__What to do__: Copy out the lines of the records below, and only those lines, from the one with "div_by_z_def simple_path_linepath add_divide_distrib\<close>)" through the one with "using integrable[OF f] integrable[OF g]", exactly as they appear.

Stored data:
= = = = =

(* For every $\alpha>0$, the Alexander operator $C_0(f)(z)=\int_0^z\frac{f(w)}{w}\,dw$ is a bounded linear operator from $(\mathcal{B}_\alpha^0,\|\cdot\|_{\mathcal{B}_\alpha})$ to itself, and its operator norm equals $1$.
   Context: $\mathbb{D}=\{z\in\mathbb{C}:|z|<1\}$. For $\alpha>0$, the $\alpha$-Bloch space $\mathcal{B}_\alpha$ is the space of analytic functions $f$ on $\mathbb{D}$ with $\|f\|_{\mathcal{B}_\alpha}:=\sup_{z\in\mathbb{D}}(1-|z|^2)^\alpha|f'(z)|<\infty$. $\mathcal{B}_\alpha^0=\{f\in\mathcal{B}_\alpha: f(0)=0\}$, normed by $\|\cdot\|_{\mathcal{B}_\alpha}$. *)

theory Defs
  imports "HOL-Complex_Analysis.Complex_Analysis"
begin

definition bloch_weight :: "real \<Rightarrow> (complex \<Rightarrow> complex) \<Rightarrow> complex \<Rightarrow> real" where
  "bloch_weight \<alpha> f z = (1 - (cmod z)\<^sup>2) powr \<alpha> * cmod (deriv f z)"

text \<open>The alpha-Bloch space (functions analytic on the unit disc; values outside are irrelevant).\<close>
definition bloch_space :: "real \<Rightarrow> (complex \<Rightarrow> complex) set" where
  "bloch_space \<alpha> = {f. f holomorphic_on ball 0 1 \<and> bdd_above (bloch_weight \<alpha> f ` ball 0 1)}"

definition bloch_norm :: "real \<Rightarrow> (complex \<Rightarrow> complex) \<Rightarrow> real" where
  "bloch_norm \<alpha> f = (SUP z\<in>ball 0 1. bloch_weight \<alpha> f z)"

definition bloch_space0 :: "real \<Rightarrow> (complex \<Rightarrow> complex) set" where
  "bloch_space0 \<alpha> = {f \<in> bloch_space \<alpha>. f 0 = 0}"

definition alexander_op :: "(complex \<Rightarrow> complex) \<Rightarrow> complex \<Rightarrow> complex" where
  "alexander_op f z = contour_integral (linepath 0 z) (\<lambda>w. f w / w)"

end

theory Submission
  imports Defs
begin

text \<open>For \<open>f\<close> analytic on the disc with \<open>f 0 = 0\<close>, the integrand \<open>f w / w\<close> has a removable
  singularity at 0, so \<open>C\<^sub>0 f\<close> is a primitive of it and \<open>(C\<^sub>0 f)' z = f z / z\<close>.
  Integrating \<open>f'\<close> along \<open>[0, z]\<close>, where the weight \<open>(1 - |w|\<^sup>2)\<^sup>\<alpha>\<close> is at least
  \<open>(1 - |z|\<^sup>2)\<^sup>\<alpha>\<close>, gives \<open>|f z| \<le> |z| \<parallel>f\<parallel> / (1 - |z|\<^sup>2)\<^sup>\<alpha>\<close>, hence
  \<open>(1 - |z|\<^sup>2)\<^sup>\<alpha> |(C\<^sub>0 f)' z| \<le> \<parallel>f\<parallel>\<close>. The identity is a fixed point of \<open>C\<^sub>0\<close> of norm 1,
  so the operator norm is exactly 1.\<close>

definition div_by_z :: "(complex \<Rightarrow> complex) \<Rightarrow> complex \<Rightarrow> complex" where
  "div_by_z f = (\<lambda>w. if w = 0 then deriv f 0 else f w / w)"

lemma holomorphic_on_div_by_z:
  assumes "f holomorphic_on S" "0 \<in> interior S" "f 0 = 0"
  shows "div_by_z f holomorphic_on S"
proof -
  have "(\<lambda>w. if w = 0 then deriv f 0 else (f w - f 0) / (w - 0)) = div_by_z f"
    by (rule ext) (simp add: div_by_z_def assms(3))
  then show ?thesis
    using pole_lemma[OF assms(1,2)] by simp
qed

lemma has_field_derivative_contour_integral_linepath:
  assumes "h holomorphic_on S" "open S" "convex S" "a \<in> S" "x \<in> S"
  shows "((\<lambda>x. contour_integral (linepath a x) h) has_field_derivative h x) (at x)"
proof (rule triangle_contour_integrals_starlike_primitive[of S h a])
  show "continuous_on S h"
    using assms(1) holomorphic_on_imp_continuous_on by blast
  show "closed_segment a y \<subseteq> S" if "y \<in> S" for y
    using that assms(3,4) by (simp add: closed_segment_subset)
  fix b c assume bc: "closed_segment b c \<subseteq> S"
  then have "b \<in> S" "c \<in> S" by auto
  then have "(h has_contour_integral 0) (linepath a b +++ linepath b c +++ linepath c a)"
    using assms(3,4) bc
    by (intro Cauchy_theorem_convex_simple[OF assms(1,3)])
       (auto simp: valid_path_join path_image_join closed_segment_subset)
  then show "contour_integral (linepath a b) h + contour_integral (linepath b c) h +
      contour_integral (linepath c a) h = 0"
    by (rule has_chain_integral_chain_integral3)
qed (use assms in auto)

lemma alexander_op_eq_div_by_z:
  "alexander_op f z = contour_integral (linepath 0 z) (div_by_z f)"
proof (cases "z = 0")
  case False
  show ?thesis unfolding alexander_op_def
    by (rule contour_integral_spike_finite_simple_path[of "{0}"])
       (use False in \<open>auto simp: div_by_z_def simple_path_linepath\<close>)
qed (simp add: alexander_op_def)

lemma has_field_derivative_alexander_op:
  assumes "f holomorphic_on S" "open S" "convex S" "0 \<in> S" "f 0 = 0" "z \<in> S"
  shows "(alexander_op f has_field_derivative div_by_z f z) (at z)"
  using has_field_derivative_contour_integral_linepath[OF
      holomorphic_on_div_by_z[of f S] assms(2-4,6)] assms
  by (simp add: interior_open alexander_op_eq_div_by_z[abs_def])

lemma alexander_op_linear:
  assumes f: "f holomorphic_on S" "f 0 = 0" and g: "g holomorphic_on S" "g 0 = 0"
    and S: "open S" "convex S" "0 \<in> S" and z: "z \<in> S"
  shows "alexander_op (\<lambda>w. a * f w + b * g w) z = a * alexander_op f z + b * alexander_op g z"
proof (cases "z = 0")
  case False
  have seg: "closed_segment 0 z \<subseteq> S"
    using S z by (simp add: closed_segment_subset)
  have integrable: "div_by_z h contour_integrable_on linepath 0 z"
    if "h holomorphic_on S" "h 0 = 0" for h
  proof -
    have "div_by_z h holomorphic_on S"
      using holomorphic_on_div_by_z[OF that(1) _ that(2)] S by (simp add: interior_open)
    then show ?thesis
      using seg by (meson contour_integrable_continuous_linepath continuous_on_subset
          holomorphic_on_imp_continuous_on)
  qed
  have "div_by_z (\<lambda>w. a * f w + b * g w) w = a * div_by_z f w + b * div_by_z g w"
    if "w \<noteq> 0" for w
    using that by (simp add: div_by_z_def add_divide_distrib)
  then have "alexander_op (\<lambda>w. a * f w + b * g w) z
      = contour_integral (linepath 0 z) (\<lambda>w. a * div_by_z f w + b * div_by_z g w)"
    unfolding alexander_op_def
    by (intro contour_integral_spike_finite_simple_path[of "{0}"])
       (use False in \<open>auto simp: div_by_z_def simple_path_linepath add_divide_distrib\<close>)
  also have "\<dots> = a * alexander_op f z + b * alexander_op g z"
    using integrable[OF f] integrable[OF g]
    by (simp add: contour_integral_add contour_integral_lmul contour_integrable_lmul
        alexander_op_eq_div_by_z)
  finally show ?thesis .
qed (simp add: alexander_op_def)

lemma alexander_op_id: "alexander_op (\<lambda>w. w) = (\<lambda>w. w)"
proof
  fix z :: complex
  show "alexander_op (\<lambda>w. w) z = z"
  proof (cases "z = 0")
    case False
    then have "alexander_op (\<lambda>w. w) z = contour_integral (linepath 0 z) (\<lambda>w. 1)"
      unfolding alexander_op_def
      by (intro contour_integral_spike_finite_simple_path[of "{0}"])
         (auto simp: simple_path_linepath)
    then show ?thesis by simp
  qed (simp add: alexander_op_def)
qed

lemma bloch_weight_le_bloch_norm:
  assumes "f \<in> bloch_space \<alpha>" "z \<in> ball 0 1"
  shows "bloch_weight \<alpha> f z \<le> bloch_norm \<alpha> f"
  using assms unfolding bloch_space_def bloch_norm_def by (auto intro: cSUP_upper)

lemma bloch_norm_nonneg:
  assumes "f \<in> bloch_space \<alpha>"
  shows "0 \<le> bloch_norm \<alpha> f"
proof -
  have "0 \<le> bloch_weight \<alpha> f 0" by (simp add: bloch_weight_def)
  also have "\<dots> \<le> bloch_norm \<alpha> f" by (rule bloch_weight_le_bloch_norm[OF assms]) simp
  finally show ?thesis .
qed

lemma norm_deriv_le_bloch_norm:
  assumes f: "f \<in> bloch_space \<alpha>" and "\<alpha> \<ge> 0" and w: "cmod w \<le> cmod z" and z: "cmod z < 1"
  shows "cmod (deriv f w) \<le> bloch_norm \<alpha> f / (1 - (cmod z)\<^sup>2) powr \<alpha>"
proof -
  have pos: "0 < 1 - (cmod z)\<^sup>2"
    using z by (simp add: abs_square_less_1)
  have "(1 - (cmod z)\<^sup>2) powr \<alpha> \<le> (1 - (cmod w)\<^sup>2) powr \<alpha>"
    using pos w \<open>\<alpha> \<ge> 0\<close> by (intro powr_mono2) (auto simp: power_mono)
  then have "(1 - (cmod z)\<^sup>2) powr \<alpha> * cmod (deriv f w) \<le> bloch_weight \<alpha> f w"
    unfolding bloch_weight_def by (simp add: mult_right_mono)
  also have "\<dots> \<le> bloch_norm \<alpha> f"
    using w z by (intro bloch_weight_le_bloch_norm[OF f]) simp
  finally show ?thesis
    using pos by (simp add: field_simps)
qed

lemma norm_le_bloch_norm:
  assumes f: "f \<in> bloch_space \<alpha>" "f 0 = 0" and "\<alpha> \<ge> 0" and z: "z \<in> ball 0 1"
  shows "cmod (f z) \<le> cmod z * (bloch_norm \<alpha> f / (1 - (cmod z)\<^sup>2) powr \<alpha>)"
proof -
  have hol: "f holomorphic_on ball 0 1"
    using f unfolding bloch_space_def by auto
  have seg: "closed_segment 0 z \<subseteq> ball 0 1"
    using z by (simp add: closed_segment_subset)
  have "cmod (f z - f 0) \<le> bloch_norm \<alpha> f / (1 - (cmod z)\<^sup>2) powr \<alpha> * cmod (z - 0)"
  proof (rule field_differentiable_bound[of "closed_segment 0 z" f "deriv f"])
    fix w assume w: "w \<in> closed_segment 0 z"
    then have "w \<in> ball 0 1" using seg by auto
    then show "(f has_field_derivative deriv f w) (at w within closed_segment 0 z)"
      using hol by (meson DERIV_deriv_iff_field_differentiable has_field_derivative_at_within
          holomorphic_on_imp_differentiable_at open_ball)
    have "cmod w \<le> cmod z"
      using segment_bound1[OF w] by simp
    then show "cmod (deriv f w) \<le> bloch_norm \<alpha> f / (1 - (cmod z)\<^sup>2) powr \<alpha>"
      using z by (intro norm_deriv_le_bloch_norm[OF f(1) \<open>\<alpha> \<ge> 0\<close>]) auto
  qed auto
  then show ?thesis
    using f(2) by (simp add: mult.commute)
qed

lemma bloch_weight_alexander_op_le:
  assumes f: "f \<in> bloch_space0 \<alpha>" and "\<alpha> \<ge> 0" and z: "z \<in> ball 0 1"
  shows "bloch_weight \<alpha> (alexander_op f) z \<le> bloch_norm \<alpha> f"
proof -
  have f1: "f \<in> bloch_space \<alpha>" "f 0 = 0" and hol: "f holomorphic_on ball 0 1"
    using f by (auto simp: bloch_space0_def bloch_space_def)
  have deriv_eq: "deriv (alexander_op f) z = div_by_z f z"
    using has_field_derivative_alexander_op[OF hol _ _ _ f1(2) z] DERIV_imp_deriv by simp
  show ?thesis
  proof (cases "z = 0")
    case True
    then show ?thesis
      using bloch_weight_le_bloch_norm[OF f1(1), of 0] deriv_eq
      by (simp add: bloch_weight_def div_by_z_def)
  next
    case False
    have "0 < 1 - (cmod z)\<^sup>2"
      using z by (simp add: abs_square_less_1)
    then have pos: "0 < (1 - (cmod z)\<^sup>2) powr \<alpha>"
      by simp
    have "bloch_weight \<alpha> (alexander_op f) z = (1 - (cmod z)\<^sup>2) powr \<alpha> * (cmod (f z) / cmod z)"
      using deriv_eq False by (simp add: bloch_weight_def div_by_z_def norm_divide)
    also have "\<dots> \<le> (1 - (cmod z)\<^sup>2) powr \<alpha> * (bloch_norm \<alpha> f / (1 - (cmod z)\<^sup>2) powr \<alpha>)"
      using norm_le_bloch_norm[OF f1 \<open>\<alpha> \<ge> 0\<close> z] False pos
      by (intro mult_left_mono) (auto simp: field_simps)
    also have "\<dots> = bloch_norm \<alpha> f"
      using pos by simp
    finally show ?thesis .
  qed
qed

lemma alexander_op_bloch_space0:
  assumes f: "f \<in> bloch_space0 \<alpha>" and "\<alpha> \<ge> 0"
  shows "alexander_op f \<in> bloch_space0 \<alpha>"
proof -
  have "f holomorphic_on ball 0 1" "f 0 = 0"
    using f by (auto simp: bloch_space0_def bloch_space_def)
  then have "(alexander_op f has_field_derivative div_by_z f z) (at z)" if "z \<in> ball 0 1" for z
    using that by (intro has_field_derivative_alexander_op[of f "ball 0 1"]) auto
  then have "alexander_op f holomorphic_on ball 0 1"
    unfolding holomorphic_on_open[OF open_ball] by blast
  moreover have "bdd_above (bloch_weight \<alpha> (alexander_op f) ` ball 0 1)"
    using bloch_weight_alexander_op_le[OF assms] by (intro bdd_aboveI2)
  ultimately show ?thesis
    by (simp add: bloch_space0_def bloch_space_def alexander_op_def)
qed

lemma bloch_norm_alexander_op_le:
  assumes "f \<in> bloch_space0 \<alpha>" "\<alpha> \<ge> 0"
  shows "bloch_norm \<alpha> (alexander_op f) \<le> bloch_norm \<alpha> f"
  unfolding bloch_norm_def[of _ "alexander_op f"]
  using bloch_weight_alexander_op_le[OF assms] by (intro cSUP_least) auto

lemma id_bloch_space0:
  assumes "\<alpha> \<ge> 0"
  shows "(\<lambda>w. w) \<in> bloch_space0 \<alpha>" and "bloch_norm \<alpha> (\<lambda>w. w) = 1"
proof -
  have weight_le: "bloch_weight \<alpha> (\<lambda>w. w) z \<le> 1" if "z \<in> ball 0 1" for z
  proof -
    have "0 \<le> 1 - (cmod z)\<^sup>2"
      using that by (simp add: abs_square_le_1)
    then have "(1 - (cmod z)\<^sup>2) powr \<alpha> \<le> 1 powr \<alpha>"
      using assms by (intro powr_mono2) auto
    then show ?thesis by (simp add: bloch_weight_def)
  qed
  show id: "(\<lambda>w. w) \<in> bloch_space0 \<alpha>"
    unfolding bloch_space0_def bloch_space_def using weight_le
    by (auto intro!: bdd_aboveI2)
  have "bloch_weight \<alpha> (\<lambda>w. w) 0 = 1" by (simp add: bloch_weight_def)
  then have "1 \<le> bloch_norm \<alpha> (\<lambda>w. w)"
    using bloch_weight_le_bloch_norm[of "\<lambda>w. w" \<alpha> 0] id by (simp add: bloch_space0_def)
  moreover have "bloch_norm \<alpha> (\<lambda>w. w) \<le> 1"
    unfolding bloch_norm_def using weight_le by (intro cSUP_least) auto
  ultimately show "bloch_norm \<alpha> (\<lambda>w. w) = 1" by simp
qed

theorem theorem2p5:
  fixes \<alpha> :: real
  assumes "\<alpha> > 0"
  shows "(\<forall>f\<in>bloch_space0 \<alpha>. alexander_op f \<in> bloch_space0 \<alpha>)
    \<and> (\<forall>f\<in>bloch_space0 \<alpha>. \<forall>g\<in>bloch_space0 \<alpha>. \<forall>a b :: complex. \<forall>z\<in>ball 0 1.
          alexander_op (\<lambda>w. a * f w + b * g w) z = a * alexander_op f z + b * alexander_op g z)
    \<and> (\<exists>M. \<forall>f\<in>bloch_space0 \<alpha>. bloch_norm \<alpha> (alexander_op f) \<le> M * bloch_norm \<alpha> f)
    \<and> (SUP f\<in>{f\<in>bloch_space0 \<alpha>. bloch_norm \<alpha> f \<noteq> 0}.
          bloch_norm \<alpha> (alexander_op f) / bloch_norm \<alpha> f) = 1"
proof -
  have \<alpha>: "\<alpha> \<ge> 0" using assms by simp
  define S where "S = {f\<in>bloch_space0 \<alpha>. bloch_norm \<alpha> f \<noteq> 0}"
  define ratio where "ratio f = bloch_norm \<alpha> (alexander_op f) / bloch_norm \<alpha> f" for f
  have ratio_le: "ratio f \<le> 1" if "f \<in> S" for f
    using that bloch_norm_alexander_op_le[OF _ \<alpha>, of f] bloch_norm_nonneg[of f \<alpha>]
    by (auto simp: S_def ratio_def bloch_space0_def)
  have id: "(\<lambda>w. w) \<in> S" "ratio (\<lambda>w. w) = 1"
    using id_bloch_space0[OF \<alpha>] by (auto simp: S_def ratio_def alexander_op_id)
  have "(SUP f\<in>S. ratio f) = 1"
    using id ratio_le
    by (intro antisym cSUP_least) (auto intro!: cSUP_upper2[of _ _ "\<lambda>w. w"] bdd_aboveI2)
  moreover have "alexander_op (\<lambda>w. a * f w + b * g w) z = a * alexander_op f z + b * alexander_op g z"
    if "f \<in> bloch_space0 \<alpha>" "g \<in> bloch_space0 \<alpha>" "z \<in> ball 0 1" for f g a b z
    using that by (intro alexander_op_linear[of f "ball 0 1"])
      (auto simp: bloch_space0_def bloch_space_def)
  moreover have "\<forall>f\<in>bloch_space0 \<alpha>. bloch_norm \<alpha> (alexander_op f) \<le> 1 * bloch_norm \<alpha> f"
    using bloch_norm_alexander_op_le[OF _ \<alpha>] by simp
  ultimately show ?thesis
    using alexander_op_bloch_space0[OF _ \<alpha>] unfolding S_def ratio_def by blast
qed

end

= = = = =

__Final answer__:
       (use False in \<open>auto simp: div_by_z_def simple_path_linepath add_divide_distrib\<close>)
  also have "\<dots> = a * alexander_op f z + b * alexander_op g z"
    using integrable[OF f] integrable[OF g]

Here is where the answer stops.